Let me preface our outing by talking for a moment about the Algarve countryside. For the most part it’s wickedly rocky. The remains of old walls line the hillsides, evidence of generations of hard labour by subsistence farmers who moved the rocks to eke a living from the land.

Most farmers lived in small communities, often of barely half a dozen houses. The houses were thick-walled, built of mud and rocks and finished with lime plaster. The roofs were tiles laid on canes.
One such community is Estiveira, clearly visible about 3 kms away on the next rise. It was there we started out on a 3-hour walk that led high into the hills. Nary a soul was about – just an occasional bird or lizard.

Three times we passed deserted hamlets, the small houses bereft of their roofs, lying open to the sun. Some of the walls had started to collapse, exposing their rock and mud interiors. In the main though, the plastered walls and the decorated "platibanda" strips along the top of the walls were in good shape.



On our return Jones and I both went out like lights on the bed, in spite of the growl from Natasha’s busy vacuum cleaner downstairs. I was woken by a sudden Jones leap from the bed. She’d been woken herself, she confessed a minute later, by a bite on her tummy, courtesy of a tick she’d picked up along the way. It went down the loo. Jones’s soft heart for bees and butterflies, which she rescues from the windows, doesn’t extend to ticks.
After dropping Natasha in Loule that evening, we went on to Faro for cocktails to mark the opening of a new rehearsal room for the Orchestra of the Algarve – of which we’re minor patrons. Following drinks and a few forgettable speeches, we trooped inside for a little chamber music.

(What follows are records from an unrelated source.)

(* Let $n\geq m\geq 1$ and let $\mathcal{C},\mathcal{D}\subseteq\binom{[n]}{m}$ be such that $\mathcal{S}^{tnz}_{\mathcal{C}}(\mathbb{R})$ and $\mathcal{S}^{tnz}_{\mathcal{D}}(\mathbb{R})$ are non-empty. Then these strata lie in the same orbit of the action of $(\mathbb{R}^* )^n\rtimes S_n$ on $\mathcal{S}^{tnz}_{mn}(\mathbb{R})$ if and only if for any two matrices $M=(v_1,\dots,v_n),N=(w_1,\dots,w_n)\in Mat^{tnz}_{mn}(\mathbb{R})$ with $GL_m(\mathbb{R})M\in\mathcal{S}^{tnz}_{\mathcal{C}}(\mathbb{R})$, $GL_m(\mathbb{R})N\in\mathcal{S}^{tnz}_{\mathcal{D}}(\mathbb{R})$, the sets $\{\pm v_1,\dots,\pm v_n\}$ and $\{\pm w_1,\dots,\pm w_n\}$ are isomorphic antipodal point arrangements.
   Context: A point arrangement $S\subset\mathbb{R}^m$ is generic if every subset of cardinality at most $m$ is linearly independent. A (conventional) antipodal point arrangement of cardinality $2n$ is a set $\{\pm v_1,\dots,\pm v_n\}\subset\mathbb{R}^m$ ($n\ge m$) such that $\{v_1,\dots,v_n\}$ is a generic point arrangement; $\{v,-v\}$ is called an antipodal pair. Two antipodal arrangements $S_1,S_2$ are isomorphic if there is a bijection $\sigma:S_1\to S_2$ with $\sigma(-v)=-\sigma(v)$ for all $v\in S_1$ such that for every $(m+1)$-subset $\{v_{i_1},\dots,v_{i_{m+1}}\}\subseteq S_1$ containing no antipodal pair, writing $v_{i_{m+1}}=\sum_{j=1}^m a_jv_{i_j}$ and $\sigma(v_{i_{m+1}})=\sum_{j=1}^m b_j\sigma(v_{i_j})$, one has: $a_j>0$ for all $j$ if and only if $b_j>0$ for all $j$. $Mat^{tnz}_{mn}(\mathbb{R})$ is the set of real $m\times n$ matrices with all maximal minors $\Delta_I(M)$, $I\in\binom{[n]}{m}$, nonzero; $Gr^{tnz}_{mn}(\mathbb{R})=GL_m(\mathbb{R})\backslash Mat^{tnz}_{mn}(\mathbb{R})$. For $\mathcal{C}\subseteq\binom{[n]}{m}$, the stratum $\mathcal{S}^{tnz}_{\mathcal{C}}(\mathbb{R})$ is the set of $GL_m(\mathbb{R})M$ with either ($\Delta_I(M)>0$ for $I\in\mathcal{C}$ and $<0$ for $I\notin\mathcal{C}$) or ($\Delta_I(M)<0$ for $I\in\mathcal{C}$ and $>0$ for $I\notin\mathcal{C}$); $\mathcal{S}^{tnz}_{mn}(\mathbb{R})$ is the set of non-empty strata. The group $(\mathbb{R}^* )^n\rtimes S_n$ has multiplication $((s_i),\tau)\cdot((t_i),\sigma)=((s_{\sigma(i)}t_i)_i,\tau\sigma)$ and acts on $Gr^{tnz}_{mn}(\mathbb{R})$ by $((t_1,\dots,t_n),\sigma)\bullet GL_m(\mathbb{R})(v_1,\dots,v_n)=GL_m(\mathbb{R})(t_{\sigma^{-1}(1)}v_{\sigma^{-1}(1)},\dots,t_{\sigma^{-1}(n)}v_{\sigma^{-1}(n)})$; this induces an action on $\mathcal{S}^{tnz}_{mn}(\mathbb{R})$ sending the stratum of $GL_m(\mathbb{R})M$ to the stratum of its image. *)

theory Defs
  imports Complex_Main "HOL-Combinatorics.Permutations"
begin
(* Fix $N\in\mathbb N$ and $p\in\mathbb N$. Let $X_k^\star=\sum_{j=-2}^{N-1}x_k^{j,\star}\phi^j$ be the optimal state of the stochastic LQ problem described in the context, where $x^{j,\star}$ is the optimal state trajectory of the coefficient problem $\mathcal P_j$, and define the moving-horizon truncation $X_k^{\mathrm{trun},\star}:=\sum_{j\in\{-2,-1\}\cup\{\max(0,k-p),\dots,k-1\}}x_k^{j,\star}\phi^j$. Then for $k\in\{0,\dots,N-1\}$ the truncation error $\Delta X_k(p+2):=X_k^\star-X_k^{\mathrm{trun},\star}$ satisfies $$\Delta X_k(p+2)=\begin{cases}0, & k\le p,\\ \sum_{j=0}^{k-p-1}\bar A_{j+1}^{k-1}Ew^0\phi^j, & \text{otherwise}.\end{cases}$$
   Context: Matrices $A\in\mathbb R^{n_x\times n_x}$, $B\in\mathbb R^{n_x\times n_u}$, $E\in\mathbb R^{n_x\times1}$; $Q_N,Q\succeq0$, $R\succ0$; $(A,B)$ stabilizable, $(A,Q^{1/2})$ detectable. There are independent random variables $\xi_{\mathrm{ini}},\xi_0,\xi_1,\dots$ ($\xi_0,\xi_1,\dots$ i.i.d.) and real functions $\varphi^1,\psi^1$ such that $\phi^{-2}:=1$, $\phi^{-1}:=\varphi^1(\xi_{\mathrm{ini}})$, $\phi^j:=\psi^1(\xi_j)$ ($j\ge0$) have zero mean and finite nonzero second moment for $j\ge-1$. The system is $X_{k+1}=AX_k+BU_k+EW_k$, $X_0=X_{\mathrm{ini}}=x^{-2}_{\mathrm{ini}}+x^{-1}_{\mathrm{ini}}\phi^{-1}$, with scalar i.i.d. disturbances $W_k=\mathbb E[W]+w^0\phi^k$, $w^0\in\mathbb R$; inputs $U_k$ are square integrable and measurable w.r.t. $\sigma(X_i,i\le k)$; the stochastic LQ problem minimizes $\mathbb E[X_N^\top Q_NX_N]+\sum_{k=0}^{N-1}\mathbb E[X_k^\top QX_k+U_k^\top RU_k]$. Coefficient problem $\mathcal P_j$ ($j\in\{-2,\dots,N-1\}$): minimize $x_N^{j\top}Q_Nx_N^j+\sum_{k=0}^{N-1}(x_k^{j\top}Qx_k^j+u_k^{j\top}Ru_k^j)$ s.t. $x^j_{k+1}=Ax^j_k+Bu^j_k+Ew^j_k$, $x^j_0=x^j_{\mathrm{ini}}$ ($x^j_{\mathrm{ini}}=0$ for $j\ge0$), and $u^j_k=0$ for $k\le j$ when $j\ge 0$, where $w^{-2}_k=\mathbb E[W]$, $w^{-1}_k=0$, $w^j_k=w^0$ if $k=j$ and $0$ otherwise for $j\ge0$. Riccati recursion: $P_0=Q_N$, and for $k\ge1$: $K_k=-(R+B^\top P_{k-1}B)^{-1}B^\top P_{k-1}A$, $P_k=Q+A^\top(P_{k-1}-P_{k-1}B(R+B^\top P_{k-1}B)^{-1}B^\top P_{k-1})A$. For integers $k_1,k_2$: $\bar A_{k_1}^{k_2}:=(A+BK_{N-k_2})\cdots(A+BK_{N-k_1})$ (larger $k$ to the left) if $0\le k_1\le k_2$, and $I$ otherwise. *)

theory Defs
  imports "HOL-Analysis.Analysis"
begin
(* Let $(\mathfrak g,[\cdot,\cdot,\cdot])$ be a Lie triple system, $(V;\rho)$ a representation of $\mathfrak g$, and $T:V\to\mathfrak g$ a linear map. Let $\Theta$ be the semidirect product bracket on $\mathfrak g\oplus V$ and $\Theta^T$ its twisting by $T$. Then $((\mathfrak g\oplus V,\Theta^T),\mathfrak g,V)$ is a twilled Lie triple system (i.e. $\mathfrak g$ and $V$ are subalgebras for $\Theta^T$) if and only if $T$ is a relative Rota–Baxter operator on $\mathfrak g$ with respect to $(V;\rho)$.
   Context: All vector spaces are over a field of characteristic $0$. A Lie triple system is a vector space with a trilinear bracket satisfying $[x,x,y]=0$, $[x,y,z]+[y,z,x]+[z,x,y]=0$ and $[x,y,[z,w,t]]=[[x,y,z],w,t]+[z,[x,y,w],t]+[z,w,[x,y,t]]$. A representation is a bilinear $\rho:\otimes^2\mathfrak g\to\mathfrak{gl}(V)$ with $D(x,y):=\rho(y,x)-\rho(x,y)$, satisfying $\rho(z,w)\rho(x,y)-\rho(y,w)\rho(x,z)-\rho(x,[y,z,w])+D(y,z)\rho(x,w)=0$ and $\rho([x,y,z],w)+\rho(z,[x,y,w])=[D(x,y),\rho(z,w)]$. The semidirect product bracket is $\Theta(x+u,y+v,z+w)=[x,y,z]+D(x,y)w+\rho(y,z)u-\rho(x,z)v$ ($x,y,z\in\mathfrak g$, $u,v,w\in V$), a Lie triple system on $\mathfrak g\oplus V$. A relative Rota–Baxter operator is a linear $T:V\to\mathfrak g$ with $[Tu,Tv,Tw]=T(D(Tu,Tv)w+\rho(Tv,Tw)u-\rho(Tu,Tw)v)$ for all $u,v,w\in V$. Cochains and twisting: $C^p(\mathcal G,\mathcal G)=\mathrm{Hom}(\otimes^{2p+1}\mathcal G,\mathcal G)$, arguments $(\mathfrak X_1,\dots,\mathfrak X_p,x)$ with $\mathfrak X_i=x_i\otimes y_i$; for $P\in C^p,Q\in C^q$, $(P\circ Q)(\mathfrak X_1,\dots,\mathfrak X_{p+q},x)=\sum_{k=1}^p(-1)^{(k-1)q}\sum_{\sigma\in\mathbb S(k-1,q)}(-1)^\sigma P(\mathfrak X_{\sigma(1)},\dots,\mathfrak X_{\sigma(k-1)},Q(\mathfrak X_{\sigma(k)},\dots,\mathfrak X_{\sigma(k+q-1)},x_{k+q})\otimes y_{k+q},\mathfrak X_{k+q+1},\dots,x)+\sum_{k=1}^p(-1)^{(k-1)q}\sum_{\sigma\in\mathbb S(k-1,q)}(-1)^\sigma P(\mathfrak X_{\sigma(1)},\dots,\mathfrak X_{\sigma(k-1)},x_{k+q}\otimes Q(\mathfrak X_{\sigma(k)},\dots,\mathfrak X_{\sigma(k+q-1)},y_{k+q}),\mathfrak X_{k+q+1},\dots,x)+\sum_{\sigma\in\mathbb S(p,q)}(-1)^\sigma P(\mathfrak X_{\sigma(1)},\dots,\mathfrak X_{\sigma(p)},Q(\mathfrak X_{\sigma(p+1)},\dots,\mathfrak X_{\sigma(p+q)},x))$ and $[P,Q]_{\mathsf{LTS}}=P\circ Q-(-1)^{pq}Q\circ P$. With $\hat T\in C^0(\mathfrak g\oplus V,\mathfrak g\oplus V)$, $\hat T(x,u)=(Tu,0)$, and $X_{\hat T}(\cdot)=[\cdot,\hat T]_{\mathsf{LTS}}$, the twisting is $\Theta^T=\sum_{k\ge0}\frac1{k!}X_{\hat T}^k(\Theta)$ (finite sum). *)

theory Defs
  imports Main "HOL.Vector_Spaces" "HOL-Library.Product_Plus" "HOL-Combinatorics.Permutations"
begin
(* Let $\{w^k\}$, $w^k=(x_1^k,\dots,x_m^k,y^k)$, be generated by the L-GADMM iteration. Then for every $k\ge1$, $$(x_m^k-x_m^{k+1})^\top A_m^\top(y^k-y^{k+1})\ \ge\ \tfrac12\|x_m^k-x_m^{k+1}\|_{P_m}^2-\tfrac12\|x_m^{k-1}-x_m^k\|_{P_m}^2.$$
   Context: Standing setting. Let $m\ge 2$, $\ell$, $n_1,\dots,n_m$ be positive integers. For $i=1,\dots,m$ let $\theta_i:\mathbb{R}^{n_i}\to\mathbb{R}$ be convex, $\mathcal{X}_i\subseteq\mathbb{R}^{n_i}$ nonempty closed convex, $A_i\in\mathbb{R}^{\ell\times n_i}$ of full column rank, and $b\in\mathbb{R}^\ell$. Problem (P): $\min\{\sum_{i=1}^m\theta_i(x_i):\sum_{i=1}^mA_ix_i=b,\ x_i\in\mathcal{X}_i\}$, assumed to have a nonempty solution set. Write $u=(x_1,\dots,x_m)$, $w=(x_1,\dots,x_m,y)$ with $y\in\mathbb{R}^\ell$, $\theta(u)=\sum_i\theta_i(x_i)$, $F(w)=(-A_1^\top y,\dots,-A_m^\top y,\ \sum_iA_ix_i-b)$, $\mathcal{W}=\mathcal{X}_1\times\cdots\times\mathcal{X}_m\times\mathbb{R}^\ell$, and $\mathcal{W}^*=\{w^*\in\mathcal{W}:\theta(u)-\theta(u^* )+(w-w^* )^\top F(w^* )\ge0\ \forall w\in\mathcal{W}\}$ (nonempty). For symmetric $G$, $\|v\|_G^2:=v^\top Gv$; $\|\cdot\|$ is the Euclidean norm. Vectors are partitioned as $w=(R,x_m,y)$ with $R=(x_1,\dots,x_{m-1})$. Parameters: $\rho>0$, $\gamma\in(0,2)$, symmetric positive definite $P_i\in\mathbb{R}^{n_i\times n_i}$ ($i=1,\dots,m$) such that $G_1\succ0$, where $G_1$ is the symmetric block matrix with diagonal blocks $P_1,\dots,P_{m-1}$ and $(i,j)$ block $-\rho A_i^\top A_j$ for $i\ne j$, $1\le i,j\le m-1$. Matrices (w.r.t. the partition $(R,x_m,y)$): $Q=\begin{pmatrix}G_1&0&0\\0&\rho A_m^\top A_m+P_m&(1-\gamma)A_m^\top\\0&-A_m&\frac1\rho I_\ell\end{pmatrix}$, $M=\begin{pmatrix}I&0&0\\0&I_{n_m}&0\\0&-\rho A_m&\gamma I_\ell\end{pmatrix}$, $H=\begin{pmatrix}G_1&0&0\\0&P_m+\frac\rho\gamma A_m^\top A_m&\frac{1-\gamma}\gamma A_m^\top\\0&\frac{1-\gamma}\gamma A_m&\frac1{\gamma\rho}I_\ell\end{pmatrix}$, $N=Q^\top+Q-M^\top HM$. L-GADMM iteration: from an arbitrary $w^0=(x_1^0,\dots,x_m^0,y^0)\in\mathcal{W}$, for $k=0,1,2,\dots$: $x_j^{k+1}=\arg\min_{x_j\in\mathcal{X}_j}\{\theta_j(x_j)+\frac\rho2\|A_jx_j+\sum_{i=1,i\ne j}^mA_ix_i^k-b-\frac{y^k}\rho\|^2+\frac12\|x_j-x_j^k\|_{P_j}^2\}$ for $j=1,\dots,m-1$; $x_m^{k+1}=\arg\min_{x_m\in\mathcal{X}_m}\{\theta_m(x_m)+\frac\rho2\|\gamma\sum_{i=1}^{m-1}A_ix_i^{k+1}+(1-\gamma)(b-A_mx_m^k)+A_mx_m-b-\frac{y^k}\rho\|^2+\frac12\|x_m-x_m^k\|_{P_m}^2\}$; $y^{k+1}=y^k-\rho\big(\gamma\sum_{i=1}^{m-1}A_ix_i^{k+1}+(1-\gamma)(b-A_mx_m^k)+A_mx_m^{k+1}-b\big)$. Auxiliary sequence: $\bar w^k=(\bar x_1^k,\dots,\bar x_m^k,\bar y^k)$ with $\bar x_i^k=x_i^{k+1}$ ($i=1,\dots,m$) and $\bar y^k=y^k-\rho(\sum_{i=1}^{m-1}A_ix_i^{k+1}+A_mx_m^k-b)$; $\bar u^k=(\bar x_1^k,\dots,\bar x_m^k)$, $R^k=(x_1^k,\dots,x_{m-1}^k)$, $\bar R^k=(\bar x_1^k,\dots,\bar x_{m-1}^k)$. *)

theory Defs
  imports Complex_Main
begin

text \<open>Vectors of R^n are represented as functions nat => real that vanish
  outside the index range {0..<n}; an l x n matrix is a function
  nat => nat => real, entry (r,c) for r < l, c < n.\<close>

definition rvec :: "nat \<Rightarrow> (nat \<Rightarrow> real) set" where
  "rvec n = {v. \<forall>j\<ge>n. v j = 0}"

definition vsub :: "(nat \<Rightarrow> real) \<Rightarrow> (nat \<Rightarrow> real) \<Rightarrow> (nat \<Rightarrow> real)" where
  "vsub u v = (\<lambda>j. u j - v j)"

definition dotp :: "nat \<Rightarrow> (nat \<Rightarrow> real) \<Rightarrow> (nat \<Rightarrow> real) \<Rightarrow> real" where
  "dotp n u v = (\<Sum>j<n. u j * v j)"

definition nsq :: "nat \<Rightarrow> (nat \<Rightarrow> real) \<Rightarrow> real" where
  "nsq n v = dotp n v v"
text \<open>Submodularity of the boundary: if \<open>A \<union> B\<close> is admissible for two fragments \<open>A, B\<close> meeting
  in at least \<open>k\<close> elements, then \<open>A \<inter> B\<close> is again a fragment.\<close>

lemma fragment_inter:
  assumes A: "k_fragment G S k A" and B: "k_fragment G S k B"
    and union: "card_ge (carrier G - ((A \<union> B) <#> S)) k" and AB: "k \<le> card (A \<inter> B)"
  shows "k_fragment G S k (A \<inter> B)"
proof -
  have A_adm: "A \<subseteq> carrier G" "finite A" "k \<le> card A" "card_ge (carrier G - (A <#> S)) k"
    and B_adm: "B \<subseteq> carrier G" "finite B"
    using A B by (simp_all add: k_fragment_def k_admissible_iff)
  have "k_admissible G S k (A \<union> B)"
    using A_adm B_adm union card_mono[of "A \<union> B" A] by (auto simp: k_admissible_iff)
  then have "kappa G S k \<le> card (cay_boundary G S (A \<union> B))" by (rule kappa_le)
  moreover have "card (((A <#> S) \<inter> (B <#> S)) - (A \<inter> B)) + card (((A <#> S) \<union> (B <#> S)) - (A \<union> B))
      \<le> card (cay_boundary G S A) + card (cay_boundary G S B)"
    unfolding cay_boundary_def cay_image_def
    using image_finite A_adm(2) B_adm(2) by (intro card_Diff_submodular)
  moreover have "card (cay_boundary G S (A \<inter> B)) \<le> card (((A <#> S) \<inter> (B <#> S)) - (A \<inter> B))"
    using set_mult_Int_left[of A B S] image_finite A_adm(2)
    by (intro card_mono) (auto simp: cay_boundary_def cay_image_def)
  ultimately have "card (cay_boundary G S (A \<inter> B)) \<le> kappa G S k"
    using A B by (simp add: k_fragment_def cay_boundary_def cay_image_def set_mult_Un_left)
  moreover have "card_ge (carrier G - ((A \<inter> B) <#> S)) k"
    using A_adm(4) by (rule card_ge_mono) (use set_mult_Int_left[of A B S] in blast)
  ultimately show ?thesis
    using A_adm AB by (intro k_fragmentI) (auto simp: k_admissible_iff)
qed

Chamber music is something that mainly I can live without. Even so, I quite liked a piece for piano and cello. (Jones preferred a piano-bassoon - spelled “basson” - duet.) I failed to recognise the cellist, whom we’ve often seen, because for once she had her hair drawn back – and was chided by my beloved for being obtuse. (I think that’s a kind of angle.)
We made another trip to Faro to renew my international driving licence, discovering on arrival that the offices of the Portuguese AA had moved from the outskirts to the centre. So we trekked in and hunted around for somewhere for the dogs to lift their legs. Prominent signs banned 4-legged visitors from the few green spaces. At least I found the new office free of customers and was able to leave with the document 20 minutes later. It’s never been sought on my many visits to Canada. But Sod’s law says that it would be if I didn’t have it.
On the way home, we stopped off at “Honda” to check out a minor intermittent leak that, has irritated Jones by dropping oil on her cobbles. I’d taken the car once before, soon after the service that provoked the leak, but without having the problem identified. While Honda raised the car and Jones walked the dogs, I wandered around the showroom, eyeing the latest models and wincing at the prices. The new CRV costs 45,000 euros plus – nearly half of it tax. It’s outrageous.

I dropped in one morning on the little old cobbler who operates, hunched over his last, in a dark Dickensian room close to the senior university. A handwritten sign, tied to the railings, proclaims his trade. Shoes, bits of leather and scraps of iron lie scattered about the room. I wanted to take a picture but the old man said the place was too untidy. I presented him with one of one of Jones’s shoes, the stitching of which had given way at the heel.
Several days later I went back to fetch the shoe. The cobbler had sewn a neat patch inside the heel, maybe half an hour's work. The charge for this, he said, was one euro. I gave him two and he thought it was Christmas. He, and one other old fellow, are the last cobblers practicing their trade in Loule, and are going the way of Estiveira. The new breed operate in shopping centres, with a range of high-tech “while you wait” equipment. I like the old ones better.